**Problem to work on:** The whole listing below should be duplicated exactly, with nothing left out.

====== Dataset entries ======

(* If $\mathcal C_1$ and $\mathcal C_2$ are Baker classes, then $\mathcal C_1\oplus\mathcal C_2$ is a Baker class.
   Context: A layering of a graph $G$ is a function $\lambda:V(G)\to\mathbb{Z}$ with $|\lambda(u)-\lambda(v)|\le1$ for every edge $uv$. An ordered graph is a finite graph with a linear ordering of its vertices; subgraphs inherit the restricted ordering. For an infinite sequence $\mathbf r=r_1,r_2,\dots$ of positive integers and an integer $s\ge0$, let $\mathrm{tail}_s(\mathbf r)=r_{s+1},r_{s+2},\dots$, $\mathrm{tail}(\mathbf r)=\mathrm{tail}_1(\mathbf r)$ and $\mathrm{head}(\mathbf r)=r_1$. The Baker game between Destroyer and Preserver has states $(G,\mathbf r)$ with $G$ an ordered graph and $\mathbf r$ an infinite sequence of positive integers. If $V(G)=\emptyset$ the game stops. Otherwise, in one round Destroyer chooses either Delete (the smallest vertex $v$ of $G$ is removed and the game proceeds to $(G-v,\mathrm{tail}(\mathbf r))$) or Restrict (Destroyer chooses a layering $\lambda$ of $G$, Preserver chooses an interval $I$ of at most $\mathrm{head}(\mathbf r)$ consecutive integers, and the game proceeds to $(G[\lambda^{-1}(I)],\mathrm{tail}(\mathbf r))$). Destroyer wins on $(G,\mathbf r)$ in $t$ rounds if he has a strategy such that, regardless of Preserver's choices, the game stops after at most $t$ rounds. A class $\mathcal C$ of ordered graphs is a Baker class if for every infinite sequence $\mathbf r$ of positive integers there is an integer $t$ such that for every $G\in\mathcal C$, Destroyer wins the Baker game on $(G,\mathbf r)$ in $t$ rounds. For classes $\mathcal C_1,\mathcal C_2$ of ordered graphs, $\mathcal C_1\oplus\mathcal C_2$ is the class of ordered graphs $G$ for which there exists a set $B\subseteq V(G)$ (a base) such that $G[B]\in\mathcal C_1$ and, for each component $C$ of $G-B$: $G[C]\in\mathcal C_2$, the set $K_C$ of vertices of $B$ having a neighbor in $C$ induces a clique, and every vertex of $K_C$ is smaller than every vertex of $C$. *)

theory Defs
  imports Main
begin

text \<open>An ordered graph: a finite vertex set with the order inherited from the
linearly ordered vertex type, and a set of edges, each a 2-element subset of the
vertex set.\<close>

type_synonym 'a ograph = "'a set \<times> 'a set set"

definition verts :: "'a ograph \<Rightarrow> 'a set" where "verts G = fst G"
definition edges :: "'a ograph \<Rightarrow> 'a set set" where "edges G = snd G"

definition ordered_graph :: "('a::linorder) ograph \<Rightarrow> bool" where
  "ordered_graph G \<longleftrightarrow> finite (verts G) \<and>
     (\<forall>e\<in>edges G. \<exists>u v. u \<in> verts G \<and> v \<in> verts G \<and> u \<noteq> v \<and> e = {u, v})"

definition induce :: "'a ograph \<Rightarrow> 'a set \<Rightarrow> 'a ograph" where
  "induce G S = (verts G \<inter> S, {e \<in> edges G. e \<subseteq> S})"

definition layering :: "'a ograph \<Rightarrow> ('a \<Rightarrow> int) \<Rightarrow> bool" where
  "layering G lam \<longleftrightarrow> (\<forall>u v. {u, v} \<in> edges G \<longrightarrow> \<bar>lam u - lam v\<bar> \<le> 1)"

definition tail :: "(nat \<Rightarrow> nat) \<Rightarrow> (nat \<Rightarrow> nat)" where
  "tail r = (\<lambda>i. r (Suc i))"

definition head :: "(nat \<Rightarrow> nat) \<Rightarrow> nat" where
  "head r = r 0"

definition delete_min :: "('a::linorder) ograph \<Rightarrow> 'a ograph" where
  "delete_min G = induce G (- {Min (verts G)})"
(* Let $V$ be a finite-dimensional super vector space over a field of characteristic $0$, let $W\subseteq V$ be a graded subspace, $D=W^0=\{X\in\mathfrak{gl}(V):X(w)=0\ \forall w\in W\}$ (so that $D^0=W$), and let $\pi:V\to\mathfrak{gl}(V)$ be an even, super skew-symmetric linear map; write $\pi(x,y)=\pi(x)(y)$. Let $L=\{X+\pi(x)+x: X\in D,\ x\in D^0\}\subseteq\mathfrak{gl}(V)\oplus V$. Then $L$ is a Dirac structure if and only if: (1) $D$ is a Lie sub-superalgebra of $\mathfrak{gl}(V)$; (2) $\pi(\pi(x,y))-[\pi(x),\pi(y)]\in D$ for all $x,y\in D^0$; (3) $\pi(x,y)\in D^0$ for all $x,y\in D^0$.
   Context: $\mathfrak{gl}(V)$: linear endomorphisms of $V$ with natural $\mathbb{Z}_2$-grading and supercommutator $[A,B]=AB-(-1)^{|A||B|}BA$. $\mathcal{E}=\mathfrak{gl}(V)\oplus V$ graded by $\mathcal{E}_\alpha=\mathfrak{gl}(V)_\alpha\oplus V_\alpha$, homogeneous elements $A+x$ with $|A|=|x|$. Bracket: $[\![A+x,B+y]\!]=[A,B]+\tfrac12(Ay-(-1)^{|x||y|}Bx)$; $V$-valued pairing: $\langle A+x,B+y\rangle=\tfrac12(Ay+(-1)^{|x||y|}Bx)$. $F^\perp=\{e:\langle e,f\rangle=0\ \forall f\in F\}$. For $D\subseteq\mathfrak{gl}(V)$, $D^0=\{x\in V: X(x)=0\ \forall X\in D\}$. Super skew-symmetric: $\pi(x)(y)=-(-1)^{|x||y|}\pi(y)(x)$ for homogeneous $x,y$. A Dirac structure is a graded subspace $L\subseteq\mathcal{E}$ with $L=L^\perp$ and $[\![L,L]\!]\subseteq L$. *)

theory Defs
  imports "HOL-Analysis.Finite_Cartesian_Product"
begin

text \<open>A finite-dimensional super vector space V over a field 'a is modelled as
  'a^'n with a homogeneous basis indexed by the finite type 'n; the parity of the
  basis vector e_i is p i (True = odd). gl(V) is modelled as 'a^'n^'n.\<close>

definition vproj :: "('n \<Rightarrow> bool) \<Rightarrow> bool \<Rightarrow> 'a::zero^'n \<Rightarrow> 'a^'n" where
  "vproj p d x = (\<chi> i. if p i = d then x$i else 0)"

definition mproj :: "('n \<Rightarrow> bool) \<Rightarrow> bool \<Rightarrow> 'a::zero^'n^'n \<Rightarrow> 'a^'n^'n" where
  "mproj p d A = (\<chi> i j. if (p i \<noteq> p j) = d then A$i$j else 0)"

definition hvec :: "('n \<Rightarrow> bool) \<Rightarrow> bool \<Rightarrow> 'a::zero^'n \<Rightarrow> bool" where
  "hvec p d x \<longleftrightarrow> vproj p d x = x"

======

**Response to the task:**
(* If $\mathcal C_1$ and $\mathcal C_2$ are Baker classes, then $\mathcal C_1\oplus\mathcal C_2$ is a Baker class.
   Context: A layering of a graph $G$ is a function $\lambda:V(G)\to\mathbb{Z}$ with $|\lambda(u)-\lambda(v)|\le1$ for every edge $uv$. An ordered graph is a finite graph with a linear ordering of its vertices; subgraphs inherit the restricted ordering. For an infinite sequence $\mathbf r=r_1,r_2,\dots$ of positive integers and an integer $s\ge0$, let $\mathrm{tail}_s(\mathbf r)=r_{s+1},r_{s+2},\dots$, $\mathrm{tail}(\mathbf r)=\mathrm{tail}_1(\mathbf r)$ and $\mathrm{head}(\mathbf r)=r_1$. The Baker game between Destroyer and Preserver has states $(G,\mathbf r)$ with $G$ an ordered graph and $\mathbf r$ an infinite sequence of positive integers. If $V(G)=\emptyset$ the game stops. Otherwise, in one round Destroyer chooses either Delete (the smallest vertex $v$ of $G$ is removed and the game proceeds to $(G-v,\mathrm{tail}(\mathbf r))$) or Restrict (Destroyer chooses a layering $\lambda$ of $G$, Preserver chooses an interval $I$ of at most $\mathrm{head}(\mathbf r)$ consecutive integers, and the game proceeds to $(G[\lambda^{-1}(I)],\mathrm{tail}(\mathbf r))$). Destroyer wins on $(G,\mathbf r)$ in $t$ rounds if he has a strategy such that, regardless of Preserver's choices, the game stops after at most $t$ rounds. A class $\mathcal C$ of ordered graphs is a Baker class if for every infinite sequence $\mathbf r$ of positive integers there is an integer $t$ such that for every $G\in\mathcal C$, Destroyer wins the Baker game on $(G,\mathbf r)$ in $t$ rounds. For classes $\mathcal C_1,\mathcal C_2$ of ordered graphs, $\mathcal C_1\oplus\mathcal C_2$ is the class of ordered graphs $G$ for which there exists a set $B\subseteq V(G)$ (a base) such that $G[B]\in\mathcal C_1$ and, for each component $C$ of $G-B$: $G[C]\in\mathcal C_2$, the set $K_C$ of vertices of $B$ having a neighbor in $C$ induces a clique, and every vertex of $K_C$ is smaller than every vertex of $C$. *)

theory Defs
  imports Main
begin

text \<open>An ordered graph: a finite vertex set with the order inherited from the
linearly ordered vertex type, and a set of edges, each a 2-element subset of the
vertex set.\<close>

type_synonym 'a ograph = "'a set \<times> 'a set set"

definition verts :: "'a ograph \<Rightarrow> 'a set" where "verts G = fst G"
definition edges :: "'a ograph \<Rightarrow> 'a set set" where "edges G = snd G"

definition ordered_graph :: "('a::linorder) ograph \<Rightarrow> bool" where
  "ordered_graph G \<longleftrightarrow> finite (verts G) \<and>
     (\<forall>e\<in>edges G. \<exists>u v. u \<in> verts G \<and> v \<in> verts G \<and> u \<noteq> v \<and> e = {u, v})"

definition induce :: "'a ograph \<Rightarrow> 'a set \<Rightarrow> 'a ograph" where
  "induce G S = (verts G \<inter> S, {e \<in> edges G. e \<subseteq> S})"

definition layering :: "'a ograph \<Rightarrow> ('a \<Rightarrow> int) \<Rightarrow> bool" where
  "layering G lam \<longleftrightarrow> (\<forall>u v. {u, v} \<in> edges G \<longrightarrow> \<bar>lam u - lam v\<bar> \<le> 1)"

definition tail :: "(nat \<Rightarrow> nat) \<Rightarrow> (nat \<Rightarrow> nat)" where
  "tail r = (\<lambda>i. r (Suc i))"

definition head :: "(nat \<Rightarrow> nat) \<Rightarrow> nat" where
  "head r = r 0"

definition delete_min :: "('a::linorder) ograph \<Rightarrow> 'a ograph" where
  "delete_min G = induce G (- {Min (verts G)})"
(* Let $V$ be a finite-dimensional super vector space over a field of characteristic $0$, let $W\subseteq V$ be a graded subspace, $D=W^0=\{X\in\mathfrak{gl}(V):X(w)=0\ \forall w\in W\}$ (so that $D^0=W$), and let $\pi:V\to\mathfrak{gl}(V)$ be an even, super skew-symmetric linear map; write $\pi(x,y)=\pi(x)(y)$. Let $L=\{X+\pi(x)+x: X\in D,\ x\in D^0\}\subseteq\mathfrak{gl}(V)\oplus V$. Then $L$ is a Dirac structure if and only if: (1) $D$ is a Lie sub-superalgebra of $\mathfrak{gl}(V)$; (2) $\pi(\pi(x,y))-[\pi(x),\pi(y)]\in D$ for all $x,y\in D^0$; (3) $\pi(x,y)\in D^0$ for all $x,y\in D^0$.
   Context: $\mathfrak{gl}(V)$: linear endomorphisms of $V$ with natural $\mathbb{Z}_2$-grading and supercommutator $[A,B]=AB-(-1)^{|A||B|}BA$. $\mathcal{E}=\mathfrak{gl}(V)\oplus V$ graded by $\mathcal{E}_\alpha=\mathfrak{gl}(V)_\alpha\oplus V_\alpha$, homogeneous elements $A+x$ with $|A|=|x|$. Bracket: $[\![A+x,B+y]\!]=[A,B]+\tfrac12(Ay-(-1)^{|x||y|}Bx)$; $V$-valued pairing: $\langle A+x,B+y\rangle=\tfrac12(Ay+(-1)^{|x||y|}Bx)$. $F^\perp=\{e:\langle e,f\rangle=0\ \forall f\in F\}$. For $D\subseteq\mathfrak{gl}(V)$, $D^0=\{x\in V: X(x)=0\ \forall X\in D\}$. Super skew-symmetric: $\pi(x)(y)=-(-1)^{|x||y|}\pi(y)(x)$ for homogeneous $x,y$. A Dirac structure is a graded subspace $L\subseteq\mathcal{E}$ with $L=L^\perp$ and $[\![L,L]\!]\subseteq L$. *)

theory Defs
  imports "HOL-Analysis.Finite_Cartesian_Product"
begin

text \<open>A finite-dimensional super vector space V over a field 'a is modelled as
  'a^'n with a homogeneous basis indexed by the finite type 'n; the parity of the
  basis vector e_i is p i (True = odd). gl(V) is modelled as 'a^'n^'n.\<close>

definition vproj :: "('n \<Rightarrow> bool) \<Rightarrow> bool \<Rightarrow> 'a::zero^'n \<Rightarrow> 'a^'n" where
  "vproj p d x = (\<chi> i. if p i = d then x$i else 0)"

definition mproj :: "('n \<Rightarrow> bool) \<Rightarrow> bool \<Rightarrow> 'a::zero^'n^'n \<Rightarrow> 'a^'n^'n" where
  "mproj p d A = (\<chi> i j. if (p i \<noteq> p j) = d then A$i$j else 0)"

definition hvec :: "('n \<Rightarrow> bool) \<Rightarrow> bool \<Rightarrow> 'a::zero^'n \<Rightarrow> bool" where
  "hvec p d x \<longleftrightarrow> vproj p d x = x"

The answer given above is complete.